[Records drawn from a dataset]
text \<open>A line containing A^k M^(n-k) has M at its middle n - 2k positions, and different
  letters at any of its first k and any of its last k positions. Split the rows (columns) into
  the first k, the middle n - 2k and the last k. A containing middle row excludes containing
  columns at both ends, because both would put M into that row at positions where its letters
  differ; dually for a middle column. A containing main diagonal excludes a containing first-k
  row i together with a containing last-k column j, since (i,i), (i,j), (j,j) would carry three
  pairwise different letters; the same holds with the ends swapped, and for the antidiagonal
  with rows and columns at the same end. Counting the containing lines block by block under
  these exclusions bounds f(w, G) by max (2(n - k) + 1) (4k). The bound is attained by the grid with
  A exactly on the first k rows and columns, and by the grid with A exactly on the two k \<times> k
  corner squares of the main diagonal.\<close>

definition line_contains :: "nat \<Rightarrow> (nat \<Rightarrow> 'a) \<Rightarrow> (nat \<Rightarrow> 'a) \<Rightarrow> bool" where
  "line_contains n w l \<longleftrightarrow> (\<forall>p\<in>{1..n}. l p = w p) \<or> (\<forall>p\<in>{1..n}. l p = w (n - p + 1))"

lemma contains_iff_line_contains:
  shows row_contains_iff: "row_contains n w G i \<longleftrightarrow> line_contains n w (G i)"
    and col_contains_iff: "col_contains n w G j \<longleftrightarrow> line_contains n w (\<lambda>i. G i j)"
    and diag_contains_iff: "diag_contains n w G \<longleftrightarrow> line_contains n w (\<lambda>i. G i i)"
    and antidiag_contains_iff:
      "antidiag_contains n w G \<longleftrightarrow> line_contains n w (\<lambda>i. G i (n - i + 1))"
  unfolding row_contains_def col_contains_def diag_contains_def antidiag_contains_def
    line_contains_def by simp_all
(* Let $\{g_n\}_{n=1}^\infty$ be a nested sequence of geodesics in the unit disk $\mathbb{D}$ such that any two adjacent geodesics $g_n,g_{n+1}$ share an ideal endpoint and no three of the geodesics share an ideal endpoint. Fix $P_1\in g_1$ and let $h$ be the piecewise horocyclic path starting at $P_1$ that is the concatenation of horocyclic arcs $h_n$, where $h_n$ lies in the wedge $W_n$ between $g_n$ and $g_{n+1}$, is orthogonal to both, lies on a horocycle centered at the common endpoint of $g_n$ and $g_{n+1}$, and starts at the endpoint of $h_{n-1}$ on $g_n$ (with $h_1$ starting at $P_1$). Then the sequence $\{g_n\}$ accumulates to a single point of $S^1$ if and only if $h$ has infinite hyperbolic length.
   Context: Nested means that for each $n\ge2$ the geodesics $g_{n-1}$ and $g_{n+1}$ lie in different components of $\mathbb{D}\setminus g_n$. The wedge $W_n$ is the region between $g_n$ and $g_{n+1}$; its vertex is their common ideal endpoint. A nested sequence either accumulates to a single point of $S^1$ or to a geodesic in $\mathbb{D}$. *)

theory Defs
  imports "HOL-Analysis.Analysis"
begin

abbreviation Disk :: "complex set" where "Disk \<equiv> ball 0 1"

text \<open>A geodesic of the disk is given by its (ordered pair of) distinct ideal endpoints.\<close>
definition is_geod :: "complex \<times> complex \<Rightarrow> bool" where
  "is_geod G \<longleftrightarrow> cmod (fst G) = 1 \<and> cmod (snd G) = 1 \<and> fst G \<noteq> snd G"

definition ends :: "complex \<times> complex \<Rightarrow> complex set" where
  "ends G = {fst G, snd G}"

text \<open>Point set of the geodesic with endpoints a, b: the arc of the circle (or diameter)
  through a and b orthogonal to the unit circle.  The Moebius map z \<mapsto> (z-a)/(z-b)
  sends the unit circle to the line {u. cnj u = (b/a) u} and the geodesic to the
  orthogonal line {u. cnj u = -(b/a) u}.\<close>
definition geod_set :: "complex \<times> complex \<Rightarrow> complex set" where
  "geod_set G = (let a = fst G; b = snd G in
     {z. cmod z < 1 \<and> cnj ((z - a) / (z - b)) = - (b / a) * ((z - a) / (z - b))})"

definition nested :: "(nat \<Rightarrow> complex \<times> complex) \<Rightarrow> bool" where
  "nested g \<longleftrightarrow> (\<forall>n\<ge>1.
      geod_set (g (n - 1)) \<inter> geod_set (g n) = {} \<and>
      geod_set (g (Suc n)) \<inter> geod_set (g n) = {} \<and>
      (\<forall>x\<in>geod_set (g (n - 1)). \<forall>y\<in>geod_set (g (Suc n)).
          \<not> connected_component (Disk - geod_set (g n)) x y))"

### YOUR OBJECTIVE
From the entries above, copy each line that holds "single".

### TASK OUTPUT
(* Let $\{g_n\}_{n=1}^\infty$ be a nested sequence of geodesics in the unit disk $\mathbb{D}$ such that any two adjacent geodesics $g_n,g_{n+1}$ share an ideal endpoint and no three of the geodesics share an ideal endpoint. Fix $P_1\in g_1$ and let $h$ be the piecewise horocyclic path starting at $P_1$ that is the concatenation of horocyclic arcs $h_n$, where $h_n$ lies in the wedge $W_n$ between $g_n$ and $g_{n+1}$, is orthogonal to both, lies on a horocycle centered at the common endpoint of $g_n$ and $g_{n+1}$, and starts at the endpoint of $h_{n-1}$ on $g_n$ (with $h_1$ starting at $P_1$). Then the sequence $\{g_n\}$ accumulates to a single point of $S^1$ if and only if $h$ has infinite hyperbolic length.
   Context: Nested means that for each $n\ge2$ the geodesics $g_{n-1}$ and $g_{n+1}$ lie in different components of $\mathbb{D}\setminus g_n$. The wedge $W_n$ is the region between $g_n$ and $g_{n+1}$; its vertex is their common ideal endpoint. A nested sequence either accumulates to a single point of $S^1$ or to a geodesic in $\mathbb{D}$. *)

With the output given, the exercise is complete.